How to extend Auth0 session cookie life time

Hi,
I have set
Inactivity timeout to 6 minutes
Token Expiration For Browser Flows (Seconds) to 300 sec
Token Expiration (Seconds) to 300 sec
and I have Refresh Token Rotation enabled.
For testing purposes I have used smaller values.

In my front end app, I am using auth0-spa-js module and I have logic to refresh access token 30 sec before its expiration.

I was expecting
when the access token is refreshed 30 sec before its expiration(using getTokenSilently), I would receive a new set of access and refresh tokens and Auth0 session cookie life time would be extended by 6 minutes.

Actual behavior was, I am receiving new set of tokens, but I think Auth0 session cookie life time is not extended, because when I try to do page refresh 2 minute after receiving new set of tokens, I am redirected to Auth0 login page.

Does calling getTokenSilently extend Auth0 session cookie life time as well?
What should I do to extend Auth0 session cookie life time, so that, page refresh works?

Hi @kteja , welcome to the community!

The Refresh Token is designed to be independent of the user’s session, so I don’t think it will modify the current session as it calls the token endpoint directly without a cookie.

When you refresh the page, I suspect it is wiping the browser memory storing the Refresh Token (the SDK’s default location for storing tokens), so your app falls back to making a silent authentication within an Iframe, which unlike Refresh Tokens is reliant on the session being valid (and the Auth0 cookie being available).
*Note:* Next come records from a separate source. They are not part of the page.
lemma ultrametric_right: "ultrametric_on GLn (\<lambda>A B. N (A ** matrix_inv B))"
  unfolding ultrametric_on_def
proof (intro conjI ballI)
  fix A B :: "'a^'n^'n" assume "A \<in> GLn" and "B \<in> GLn"
  then have A: "invertible A" and B: "invertible B" by (auto simp: GLn_def)
  then have quot: "A ** matrix_inv B \<in> GLn"
    by (auto simp: GLn_def intro: invertible_mult invertible_matrix_inv)
  show "0 \<le> N (A ** matrix_inv B)" by (rule nonneg)
  show "N (A ** matrix_inv B) = 0 \<longleftrightarrow> A = B"
    using zero_iff[OF quot] mult_matrix_inv_eq_mat1_iff[OF A B] by simp
  show "N (A ** matrix_inv B) = N (B ** matrix_inv A)"
    using inverse[OF quot] A B by (simp add: matrix_inv_mult invertible_matrix_inv matrix_inv_matrix_inv)
next
  fix A B C :: "'a^'n^'n" assume "A \<in> GLn" and "B \<in> GLn" and "C \<in> GLn"
  then have invs: "invertible A" "invertible B" "invertible C" by (auto simp: GLn_def)
  then have quot: "A ** matrix_inv B \<in> GLn" "B ** matrix_inv C \<in> GLn"
    by (auto simp: GLn_def intro: invertible_mult invertible_matrix_inv)
  have "A ** matrix_inv C = (A ** matrix_inv B) ** (B ** matrix_inv C)"
    using invs by (simp add: matrix_mul_assoc) (simp add: matrix_inv_left flip: matrix_mul_assoc)
  then show "N (A ** matrix_inv C) \<le> max (N (A ** matrix_inv B)) (N (B ** matrix_inv C))"
    using mult[OF quot] by simp
qed

end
If you want to provide persistence across page refreshes and tabs, you would need to configure the Auth0Client to use ‘localstorage’ - however, this is less secure as mentioned in the documentation linked above.

If you want to keep the app in line with the Auth0 session, I would recommend turning off refresh tokens as they do not require a session to operate, and using an Access Token lifetime that is shorter than your tenant’s session inactivity lifetime to ensure the session does not expire when you go to fetch new tokens.

If you wanted to fetch new tokens before the current one expires still, you would need to enable the ignoreCache option on the getTokenSilently call, otherwise, the SDK will not make a call to Auth0 if the currently stored token is still valid.

2 Likes

Thanks @sgo for the quick response.

I tried turning off refresh tokens and using access token lifetime shorter than session inactivity lifetime. It works in normal chrome tabs, but in incognito, when I try to fetch a new token before the old one expires it throws a ‘login required’ error. I think it’s because, by default, 3rd party cookies are disabled in incognito.

So, the only option that works both in normal and incognito windows is to use localstorage to store tokens?

Yes, silent authentication is reliant on the Auth0 session cookie being present in the requests sent to Auth0, if the browser blocks them then Auth0 will not recognise the user as having a session and say a login is required. Chrome can be set to allow 3rd party cookies in incognito mode, but end-user browsers may be dropping 3rd party cookies in either mode - which you would have little control over in most scenarios.

If you were to set up a Custom Domain for your tenant you could avoid cookies being treated as 3rd party by browsers and dropped from requests, by having your App and Auth0 tenant share a common parent domain, but this does require a paid plan, so unfortunately not an option if you are on a free plan.

So if you cannot use cookies for silent authentication due to not being able to use a Custom Domain, and require the user to remain logged in to Auth0 between page refreshes and browser tabs, you would need to use localstorage and Rotating Refresh Tokens, and set your Refresh Token expiry settings to suitable values for your security needs so the user has to log in again when you want them to.

I hope that has been some help!

2 Likes

This topic was automatically closed 15 days after the last reply. New replies are no longer allowed.